_Work instructions:_ Find the line containing "obtains e where" in the listing below. Repeat it exactly, along with each following line up to and including the one containing "using assms(1,2) by".

_Records supplied:_

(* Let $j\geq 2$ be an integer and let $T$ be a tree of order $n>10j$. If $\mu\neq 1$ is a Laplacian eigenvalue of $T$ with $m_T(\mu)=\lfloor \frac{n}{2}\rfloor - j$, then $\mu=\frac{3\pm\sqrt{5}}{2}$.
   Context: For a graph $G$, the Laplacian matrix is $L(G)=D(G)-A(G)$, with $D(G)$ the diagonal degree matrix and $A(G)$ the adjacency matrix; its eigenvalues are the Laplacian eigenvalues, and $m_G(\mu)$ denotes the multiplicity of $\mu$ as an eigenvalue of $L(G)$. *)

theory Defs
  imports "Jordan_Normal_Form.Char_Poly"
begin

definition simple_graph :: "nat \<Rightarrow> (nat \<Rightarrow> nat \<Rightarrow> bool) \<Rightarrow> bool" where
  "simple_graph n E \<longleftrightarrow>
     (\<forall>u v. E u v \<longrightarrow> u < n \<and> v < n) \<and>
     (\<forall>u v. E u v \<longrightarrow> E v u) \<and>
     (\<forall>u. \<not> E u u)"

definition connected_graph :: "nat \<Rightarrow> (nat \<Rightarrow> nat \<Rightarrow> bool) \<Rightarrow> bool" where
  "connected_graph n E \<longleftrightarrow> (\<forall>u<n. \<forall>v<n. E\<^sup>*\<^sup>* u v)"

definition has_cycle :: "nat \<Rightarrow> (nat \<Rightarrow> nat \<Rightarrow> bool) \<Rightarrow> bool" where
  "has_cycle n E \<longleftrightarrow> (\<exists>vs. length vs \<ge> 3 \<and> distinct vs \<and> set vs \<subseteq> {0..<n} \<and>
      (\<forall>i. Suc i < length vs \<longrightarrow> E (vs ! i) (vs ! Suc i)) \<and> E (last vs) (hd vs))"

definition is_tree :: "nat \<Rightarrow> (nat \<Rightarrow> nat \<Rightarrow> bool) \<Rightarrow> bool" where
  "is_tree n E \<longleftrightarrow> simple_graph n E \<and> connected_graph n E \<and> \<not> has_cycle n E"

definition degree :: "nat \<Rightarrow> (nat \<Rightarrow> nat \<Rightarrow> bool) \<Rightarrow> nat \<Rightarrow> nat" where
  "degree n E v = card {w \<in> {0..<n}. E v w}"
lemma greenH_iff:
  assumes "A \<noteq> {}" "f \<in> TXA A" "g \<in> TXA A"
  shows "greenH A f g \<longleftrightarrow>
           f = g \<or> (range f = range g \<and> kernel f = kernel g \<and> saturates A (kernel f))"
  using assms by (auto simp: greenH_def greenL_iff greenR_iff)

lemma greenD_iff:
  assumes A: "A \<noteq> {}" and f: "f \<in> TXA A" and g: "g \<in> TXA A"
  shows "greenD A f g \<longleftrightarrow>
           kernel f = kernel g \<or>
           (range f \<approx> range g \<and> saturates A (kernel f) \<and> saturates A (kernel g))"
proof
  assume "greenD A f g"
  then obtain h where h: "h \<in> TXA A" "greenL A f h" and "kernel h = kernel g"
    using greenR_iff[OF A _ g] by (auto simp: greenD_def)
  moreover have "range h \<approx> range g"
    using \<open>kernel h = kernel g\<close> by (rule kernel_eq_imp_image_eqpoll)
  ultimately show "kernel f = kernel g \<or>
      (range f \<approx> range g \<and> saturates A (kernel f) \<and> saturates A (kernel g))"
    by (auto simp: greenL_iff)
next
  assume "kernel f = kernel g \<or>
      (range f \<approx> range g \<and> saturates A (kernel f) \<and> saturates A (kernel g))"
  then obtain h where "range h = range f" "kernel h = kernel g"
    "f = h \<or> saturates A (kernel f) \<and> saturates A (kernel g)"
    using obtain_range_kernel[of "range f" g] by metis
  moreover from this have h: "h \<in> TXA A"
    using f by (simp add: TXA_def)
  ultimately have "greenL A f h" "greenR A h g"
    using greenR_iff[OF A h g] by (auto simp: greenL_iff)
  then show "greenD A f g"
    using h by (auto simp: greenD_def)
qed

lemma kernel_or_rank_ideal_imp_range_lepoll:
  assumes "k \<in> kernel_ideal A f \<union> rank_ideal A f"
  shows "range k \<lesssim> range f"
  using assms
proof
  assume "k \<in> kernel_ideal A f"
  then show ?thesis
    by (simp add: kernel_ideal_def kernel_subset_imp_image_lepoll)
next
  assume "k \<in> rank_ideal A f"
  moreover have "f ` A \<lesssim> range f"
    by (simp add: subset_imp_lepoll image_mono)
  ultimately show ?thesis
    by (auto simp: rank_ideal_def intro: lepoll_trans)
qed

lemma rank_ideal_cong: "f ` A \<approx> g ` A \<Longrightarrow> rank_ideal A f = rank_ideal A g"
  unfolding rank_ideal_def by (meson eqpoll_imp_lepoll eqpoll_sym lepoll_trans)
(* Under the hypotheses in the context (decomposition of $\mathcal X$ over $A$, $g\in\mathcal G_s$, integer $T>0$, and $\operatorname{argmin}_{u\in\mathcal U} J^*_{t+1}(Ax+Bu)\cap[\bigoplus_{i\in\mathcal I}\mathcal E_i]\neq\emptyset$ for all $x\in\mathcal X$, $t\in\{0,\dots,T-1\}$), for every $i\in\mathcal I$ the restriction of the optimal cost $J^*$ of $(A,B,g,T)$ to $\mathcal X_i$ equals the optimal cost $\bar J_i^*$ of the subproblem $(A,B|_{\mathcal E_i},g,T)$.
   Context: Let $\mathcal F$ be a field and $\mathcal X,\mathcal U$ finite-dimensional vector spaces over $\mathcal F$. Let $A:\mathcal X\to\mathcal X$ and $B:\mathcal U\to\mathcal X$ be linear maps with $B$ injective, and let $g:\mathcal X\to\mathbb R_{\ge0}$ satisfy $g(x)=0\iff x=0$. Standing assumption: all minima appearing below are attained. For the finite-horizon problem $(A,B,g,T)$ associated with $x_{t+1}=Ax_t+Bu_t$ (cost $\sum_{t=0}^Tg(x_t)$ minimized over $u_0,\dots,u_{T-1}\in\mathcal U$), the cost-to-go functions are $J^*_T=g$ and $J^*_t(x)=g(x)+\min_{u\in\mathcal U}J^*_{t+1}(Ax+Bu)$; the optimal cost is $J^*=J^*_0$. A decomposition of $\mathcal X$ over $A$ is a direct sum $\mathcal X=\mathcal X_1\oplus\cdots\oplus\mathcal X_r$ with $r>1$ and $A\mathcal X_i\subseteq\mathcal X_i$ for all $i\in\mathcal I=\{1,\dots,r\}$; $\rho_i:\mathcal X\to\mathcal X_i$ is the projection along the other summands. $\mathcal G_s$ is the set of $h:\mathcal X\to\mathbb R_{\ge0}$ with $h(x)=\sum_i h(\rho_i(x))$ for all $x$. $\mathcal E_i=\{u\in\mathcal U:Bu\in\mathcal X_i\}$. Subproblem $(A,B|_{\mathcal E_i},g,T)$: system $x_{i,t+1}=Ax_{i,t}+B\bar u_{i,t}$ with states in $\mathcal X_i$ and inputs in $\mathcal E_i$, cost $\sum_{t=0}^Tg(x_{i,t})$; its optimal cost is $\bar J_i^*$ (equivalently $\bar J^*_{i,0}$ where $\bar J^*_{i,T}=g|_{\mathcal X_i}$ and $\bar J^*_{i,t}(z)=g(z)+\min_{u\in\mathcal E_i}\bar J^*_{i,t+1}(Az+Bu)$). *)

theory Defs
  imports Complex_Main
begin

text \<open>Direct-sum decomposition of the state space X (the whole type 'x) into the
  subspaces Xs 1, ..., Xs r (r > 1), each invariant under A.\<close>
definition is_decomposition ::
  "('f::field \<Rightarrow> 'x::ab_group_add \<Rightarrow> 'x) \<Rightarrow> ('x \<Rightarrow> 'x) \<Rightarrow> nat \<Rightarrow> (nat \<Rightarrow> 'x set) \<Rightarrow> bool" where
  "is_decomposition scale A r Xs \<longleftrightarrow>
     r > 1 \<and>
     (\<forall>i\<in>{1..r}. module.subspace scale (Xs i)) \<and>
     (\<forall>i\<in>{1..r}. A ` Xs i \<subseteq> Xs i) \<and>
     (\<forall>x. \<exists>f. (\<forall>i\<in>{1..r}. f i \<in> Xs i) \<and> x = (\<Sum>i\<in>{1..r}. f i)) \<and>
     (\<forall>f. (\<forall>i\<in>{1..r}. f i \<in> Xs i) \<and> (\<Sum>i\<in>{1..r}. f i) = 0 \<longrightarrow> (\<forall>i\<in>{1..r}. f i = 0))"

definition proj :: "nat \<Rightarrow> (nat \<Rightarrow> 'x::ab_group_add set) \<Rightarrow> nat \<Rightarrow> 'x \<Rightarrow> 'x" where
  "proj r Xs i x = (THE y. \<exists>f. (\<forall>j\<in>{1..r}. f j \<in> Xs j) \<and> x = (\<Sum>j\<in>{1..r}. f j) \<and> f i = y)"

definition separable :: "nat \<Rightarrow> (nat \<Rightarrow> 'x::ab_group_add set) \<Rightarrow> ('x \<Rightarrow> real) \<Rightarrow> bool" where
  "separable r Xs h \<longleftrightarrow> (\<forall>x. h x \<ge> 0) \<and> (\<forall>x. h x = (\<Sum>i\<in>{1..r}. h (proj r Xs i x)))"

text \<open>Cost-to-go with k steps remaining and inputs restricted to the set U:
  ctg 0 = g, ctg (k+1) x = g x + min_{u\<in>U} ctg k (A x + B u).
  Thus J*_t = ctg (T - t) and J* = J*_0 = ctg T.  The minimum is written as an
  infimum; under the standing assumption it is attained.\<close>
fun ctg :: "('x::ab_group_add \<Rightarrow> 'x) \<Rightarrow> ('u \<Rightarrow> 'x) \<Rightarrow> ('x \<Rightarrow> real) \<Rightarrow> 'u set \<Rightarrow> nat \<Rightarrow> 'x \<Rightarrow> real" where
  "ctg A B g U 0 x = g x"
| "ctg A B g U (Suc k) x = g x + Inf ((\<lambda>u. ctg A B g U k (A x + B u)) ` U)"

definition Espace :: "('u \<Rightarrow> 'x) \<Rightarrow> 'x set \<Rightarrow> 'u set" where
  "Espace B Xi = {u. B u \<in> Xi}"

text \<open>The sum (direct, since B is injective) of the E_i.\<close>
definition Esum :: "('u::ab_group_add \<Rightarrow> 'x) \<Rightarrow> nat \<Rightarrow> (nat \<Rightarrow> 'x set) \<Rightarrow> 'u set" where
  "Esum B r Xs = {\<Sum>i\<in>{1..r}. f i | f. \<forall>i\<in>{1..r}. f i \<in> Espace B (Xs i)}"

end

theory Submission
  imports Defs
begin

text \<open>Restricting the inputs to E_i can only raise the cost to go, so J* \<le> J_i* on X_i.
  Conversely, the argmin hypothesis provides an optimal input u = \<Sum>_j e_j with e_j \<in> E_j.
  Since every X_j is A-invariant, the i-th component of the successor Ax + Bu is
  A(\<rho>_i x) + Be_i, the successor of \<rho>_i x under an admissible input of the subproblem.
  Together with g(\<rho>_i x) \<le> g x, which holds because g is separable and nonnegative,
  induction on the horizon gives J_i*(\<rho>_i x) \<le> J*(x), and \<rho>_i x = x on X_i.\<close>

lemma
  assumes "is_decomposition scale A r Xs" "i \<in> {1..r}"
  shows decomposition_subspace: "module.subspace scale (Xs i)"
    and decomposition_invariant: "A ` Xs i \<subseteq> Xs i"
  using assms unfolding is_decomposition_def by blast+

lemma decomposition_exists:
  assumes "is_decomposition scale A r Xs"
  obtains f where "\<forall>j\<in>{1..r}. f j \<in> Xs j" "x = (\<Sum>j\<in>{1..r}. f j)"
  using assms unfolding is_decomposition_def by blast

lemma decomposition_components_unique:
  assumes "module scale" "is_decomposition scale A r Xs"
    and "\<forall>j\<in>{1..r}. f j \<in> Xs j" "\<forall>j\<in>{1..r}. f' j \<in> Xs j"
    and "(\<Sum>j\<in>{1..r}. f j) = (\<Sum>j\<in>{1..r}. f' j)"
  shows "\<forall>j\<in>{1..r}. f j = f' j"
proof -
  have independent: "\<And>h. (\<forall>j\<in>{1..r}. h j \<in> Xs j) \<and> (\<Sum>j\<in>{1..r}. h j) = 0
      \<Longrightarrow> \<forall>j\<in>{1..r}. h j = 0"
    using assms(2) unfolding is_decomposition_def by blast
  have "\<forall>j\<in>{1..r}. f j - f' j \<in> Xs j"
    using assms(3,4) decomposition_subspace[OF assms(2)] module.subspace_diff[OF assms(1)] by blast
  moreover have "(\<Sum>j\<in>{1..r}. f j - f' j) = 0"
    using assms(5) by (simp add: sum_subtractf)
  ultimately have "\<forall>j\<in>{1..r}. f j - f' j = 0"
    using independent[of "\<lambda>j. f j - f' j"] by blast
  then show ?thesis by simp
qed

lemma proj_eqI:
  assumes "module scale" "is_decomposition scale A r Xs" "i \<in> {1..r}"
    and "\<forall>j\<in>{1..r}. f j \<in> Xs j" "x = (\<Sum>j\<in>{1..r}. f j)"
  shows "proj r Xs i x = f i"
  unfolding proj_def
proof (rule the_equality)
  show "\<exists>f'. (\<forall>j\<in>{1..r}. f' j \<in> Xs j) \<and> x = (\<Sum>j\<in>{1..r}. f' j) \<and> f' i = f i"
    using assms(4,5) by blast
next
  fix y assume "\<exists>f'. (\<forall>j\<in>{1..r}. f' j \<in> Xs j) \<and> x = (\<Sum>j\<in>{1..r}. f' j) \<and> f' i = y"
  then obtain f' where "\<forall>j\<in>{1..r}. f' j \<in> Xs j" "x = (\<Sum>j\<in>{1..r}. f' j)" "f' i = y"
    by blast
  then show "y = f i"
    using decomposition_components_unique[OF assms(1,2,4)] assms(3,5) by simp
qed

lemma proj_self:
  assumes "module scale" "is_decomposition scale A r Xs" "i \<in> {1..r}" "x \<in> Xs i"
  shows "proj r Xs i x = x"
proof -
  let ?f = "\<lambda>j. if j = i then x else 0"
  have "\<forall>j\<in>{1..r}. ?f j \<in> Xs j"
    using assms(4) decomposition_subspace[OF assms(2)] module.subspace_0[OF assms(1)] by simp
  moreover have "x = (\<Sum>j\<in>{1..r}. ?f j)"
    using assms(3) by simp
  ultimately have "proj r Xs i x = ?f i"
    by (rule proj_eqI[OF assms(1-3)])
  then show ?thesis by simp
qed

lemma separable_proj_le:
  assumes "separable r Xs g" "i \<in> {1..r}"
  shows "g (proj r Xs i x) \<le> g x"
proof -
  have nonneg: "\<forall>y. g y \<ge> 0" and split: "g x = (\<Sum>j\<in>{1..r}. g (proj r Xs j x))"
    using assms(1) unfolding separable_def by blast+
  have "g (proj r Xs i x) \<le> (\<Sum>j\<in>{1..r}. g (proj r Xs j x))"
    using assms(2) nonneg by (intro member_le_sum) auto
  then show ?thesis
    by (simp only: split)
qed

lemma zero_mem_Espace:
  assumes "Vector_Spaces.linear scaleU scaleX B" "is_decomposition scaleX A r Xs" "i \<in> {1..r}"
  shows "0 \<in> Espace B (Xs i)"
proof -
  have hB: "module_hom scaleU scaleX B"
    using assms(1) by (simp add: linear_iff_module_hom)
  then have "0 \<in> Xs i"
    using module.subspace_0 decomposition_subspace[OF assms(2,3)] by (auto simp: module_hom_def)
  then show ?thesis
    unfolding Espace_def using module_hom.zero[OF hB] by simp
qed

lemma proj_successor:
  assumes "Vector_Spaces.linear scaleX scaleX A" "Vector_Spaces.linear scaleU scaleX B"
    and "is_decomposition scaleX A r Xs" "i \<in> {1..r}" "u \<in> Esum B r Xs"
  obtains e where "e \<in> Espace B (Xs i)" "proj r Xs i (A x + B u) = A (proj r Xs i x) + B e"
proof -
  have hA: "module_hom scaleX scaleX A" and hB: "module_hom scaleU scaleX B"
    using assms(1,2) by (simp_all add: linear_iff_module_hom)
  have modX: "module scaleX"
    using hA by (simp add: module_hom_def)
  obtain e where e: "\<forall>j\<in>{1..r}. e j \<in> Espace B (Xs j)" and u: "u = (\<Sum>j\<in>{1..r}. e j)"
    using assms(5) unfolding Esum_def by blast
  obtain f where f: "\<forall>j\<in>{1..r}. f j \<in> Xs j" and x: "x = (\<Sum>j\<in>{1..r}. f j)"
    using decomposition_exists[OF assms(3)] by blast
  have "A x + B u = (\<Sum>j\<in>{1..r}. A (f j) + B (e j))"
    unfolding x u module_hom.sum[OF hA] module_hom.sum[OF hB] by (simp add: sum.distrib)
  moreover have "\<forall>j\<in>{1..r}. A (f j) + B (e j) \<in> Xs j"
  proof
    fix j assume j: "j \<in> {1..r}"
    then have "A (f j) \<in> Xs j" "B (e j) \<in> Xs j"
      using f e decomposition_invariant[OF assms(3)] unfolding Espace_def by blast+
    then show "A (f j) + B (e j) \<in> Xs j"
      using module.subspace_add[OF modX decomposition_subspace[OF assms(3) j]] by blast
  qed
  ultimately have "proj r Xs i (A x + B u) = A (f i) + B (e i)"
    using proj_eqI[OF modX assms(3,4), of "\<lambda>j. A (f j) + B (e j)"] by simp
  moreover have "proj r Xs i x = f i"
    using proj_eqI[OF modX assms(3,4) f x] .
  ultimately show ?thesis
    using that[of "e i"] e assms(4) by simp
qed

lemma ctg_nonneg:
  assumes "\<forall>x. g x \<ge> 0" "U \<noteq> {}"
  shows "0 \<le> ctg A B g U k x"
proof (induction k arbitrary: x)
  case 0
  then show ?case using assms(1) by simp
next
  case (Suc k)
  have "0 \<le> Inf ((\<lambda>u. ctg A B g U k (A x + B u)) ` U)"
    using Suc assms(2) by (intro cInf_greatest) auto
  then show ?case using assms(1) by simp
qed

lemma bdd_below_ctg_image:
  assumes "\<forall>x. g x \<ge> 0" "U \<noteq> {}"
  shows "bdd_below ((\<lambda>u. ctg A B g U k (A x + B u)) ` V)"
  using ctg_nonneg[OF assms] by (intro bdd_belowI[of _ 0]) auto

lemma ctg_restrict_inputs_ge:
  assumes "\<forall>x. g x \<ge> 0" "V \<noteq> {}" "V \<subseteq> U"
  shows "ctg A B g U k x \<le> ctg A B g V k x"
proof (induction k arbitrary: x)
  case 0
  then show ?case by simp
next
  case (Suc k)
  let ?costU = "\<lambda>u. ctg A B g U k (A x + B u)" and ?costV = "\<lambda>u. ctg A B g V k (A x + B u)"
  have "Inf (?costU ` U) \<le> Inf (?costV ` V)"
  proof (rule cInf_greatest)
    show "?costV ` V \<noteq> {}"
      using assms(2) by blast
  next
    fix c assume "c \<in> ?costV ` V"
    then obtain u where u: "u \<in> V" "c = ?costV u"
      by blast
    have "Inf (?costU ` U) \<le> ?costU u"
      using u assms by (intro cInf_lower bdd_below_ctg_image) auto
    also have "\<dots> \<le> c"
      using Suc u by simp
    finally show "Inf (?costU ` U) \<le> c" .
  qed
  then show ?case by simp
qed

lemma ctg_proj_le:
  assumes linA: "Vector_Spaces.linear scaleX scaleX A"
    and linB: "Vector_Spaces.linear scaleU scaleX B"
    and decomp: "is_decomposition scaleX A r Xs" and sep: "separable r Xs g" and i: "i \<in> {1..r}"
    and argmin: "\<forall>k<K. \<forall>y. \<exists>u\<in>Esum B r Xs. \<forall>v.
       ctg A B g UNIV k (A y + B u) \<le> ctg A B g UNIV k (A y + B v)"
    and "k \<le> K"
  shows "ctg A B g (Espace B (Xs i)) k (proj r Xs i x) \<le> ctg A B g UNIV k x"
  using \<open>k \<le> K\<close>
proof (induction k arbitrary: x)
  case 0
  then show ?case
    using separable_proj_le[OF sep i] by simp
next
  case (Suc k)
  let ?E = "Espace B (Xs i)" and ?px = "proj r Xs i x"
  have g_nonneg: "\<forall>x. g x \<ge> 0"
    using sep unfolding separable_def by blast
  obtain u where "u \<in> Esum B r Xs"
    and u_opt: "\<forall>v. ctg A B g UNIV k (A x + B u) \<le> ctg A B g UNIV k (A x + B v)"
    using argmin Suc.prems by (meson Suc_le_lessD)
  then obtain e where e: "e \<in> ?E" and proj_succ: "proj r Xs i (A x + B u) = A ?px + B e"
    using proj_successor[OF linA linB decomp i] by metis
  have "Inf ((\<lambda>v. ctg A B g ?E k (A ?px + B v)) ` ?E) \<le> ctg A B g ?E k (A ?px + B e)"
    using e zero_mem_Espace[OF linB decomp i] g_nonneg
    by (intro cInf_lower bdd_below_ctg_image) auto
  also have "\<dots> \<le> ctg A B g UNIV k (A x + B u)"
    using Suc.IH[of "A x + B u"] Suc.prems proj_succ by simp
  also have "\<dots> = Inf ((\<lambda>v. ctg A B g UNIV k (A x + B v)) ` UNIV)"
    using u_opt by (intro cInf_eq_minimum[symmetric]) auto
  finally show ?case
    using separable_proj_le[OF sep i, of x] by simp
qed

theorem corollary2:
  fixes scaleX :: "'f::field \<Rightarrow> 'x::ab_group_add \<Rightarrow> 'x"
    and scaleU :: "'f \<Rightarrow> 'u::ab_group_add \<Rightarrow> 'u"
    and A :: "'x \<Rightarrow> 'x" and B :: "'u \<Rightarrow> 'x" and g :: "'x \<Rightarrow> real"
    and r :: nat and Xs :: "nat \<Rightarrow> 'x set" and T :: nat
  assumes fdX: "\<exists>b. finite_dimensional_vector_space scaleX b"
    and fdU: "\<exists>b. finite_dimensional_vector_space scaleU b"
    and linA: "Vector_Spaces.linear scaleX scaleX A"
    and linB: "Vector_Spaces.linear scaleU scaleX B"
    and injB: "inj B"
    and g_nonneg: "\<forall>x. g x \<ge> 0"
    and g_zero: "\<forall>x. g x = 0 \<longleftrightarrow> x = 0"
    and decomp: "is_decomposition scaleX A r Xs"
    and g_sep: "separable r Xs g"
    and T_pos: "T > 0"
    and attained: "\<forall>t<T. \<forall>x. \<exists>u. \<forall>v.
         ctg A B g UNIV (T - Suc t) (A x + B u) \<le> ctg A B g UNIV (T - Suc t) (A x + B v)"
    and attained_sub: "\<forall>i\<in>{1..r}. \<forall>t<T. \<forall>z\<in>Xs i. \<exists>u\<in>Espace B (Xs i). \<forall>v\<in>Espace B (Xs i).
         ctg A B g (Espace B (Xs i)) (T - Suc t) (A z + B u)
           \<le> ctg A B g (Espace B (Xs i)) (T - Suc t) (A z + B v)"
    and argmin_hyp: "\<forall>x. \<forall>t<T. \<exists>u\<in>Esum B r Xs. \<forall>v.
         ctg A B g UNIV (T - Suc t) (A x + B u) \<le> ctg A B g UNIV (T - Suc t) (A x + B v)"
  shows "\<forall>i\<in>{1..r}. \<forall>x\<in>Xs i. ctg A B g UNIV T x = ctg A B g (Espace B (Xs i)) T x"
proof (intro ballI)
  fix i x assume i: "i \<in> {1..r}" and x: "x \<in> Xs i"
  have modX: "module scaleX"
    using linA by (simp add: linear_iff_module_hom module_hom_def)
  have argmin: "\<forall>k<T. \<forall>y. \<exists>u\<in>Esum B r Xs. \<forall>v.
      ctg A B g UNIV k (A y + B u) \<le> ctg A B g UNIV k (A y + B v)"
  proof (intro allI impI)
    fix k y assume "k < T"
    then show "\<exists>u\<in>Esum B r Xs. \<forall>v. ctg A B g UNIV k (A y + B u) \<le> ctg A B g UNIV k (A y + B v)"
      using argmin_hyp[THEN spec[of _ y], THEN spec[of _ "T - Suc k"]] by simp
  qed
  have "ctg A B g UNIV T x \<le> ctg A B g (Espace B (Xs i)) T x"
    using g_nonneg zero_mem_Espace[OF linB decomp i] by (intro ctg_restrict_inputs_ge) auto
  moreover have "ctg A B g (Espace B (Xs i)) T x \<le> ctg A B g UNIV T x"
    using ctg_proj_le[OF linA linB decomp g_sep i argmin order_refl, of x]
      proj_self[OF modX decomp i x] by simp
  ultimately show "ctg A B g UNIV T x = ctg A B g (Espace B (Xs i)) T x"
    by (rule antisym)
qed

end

_Answer:_
  obtains e where "e \<in> Espace B (Xs i)" "proj r Xs i (A x + B u) = A (proj r Xs i x) + B e"
proof -
  have hA: "module_hom scaleX scaleX A" and hB: "module_hom scaleU scaleX B"
    using assms(1,2) by (simp_all add: linear_iff_module_hom)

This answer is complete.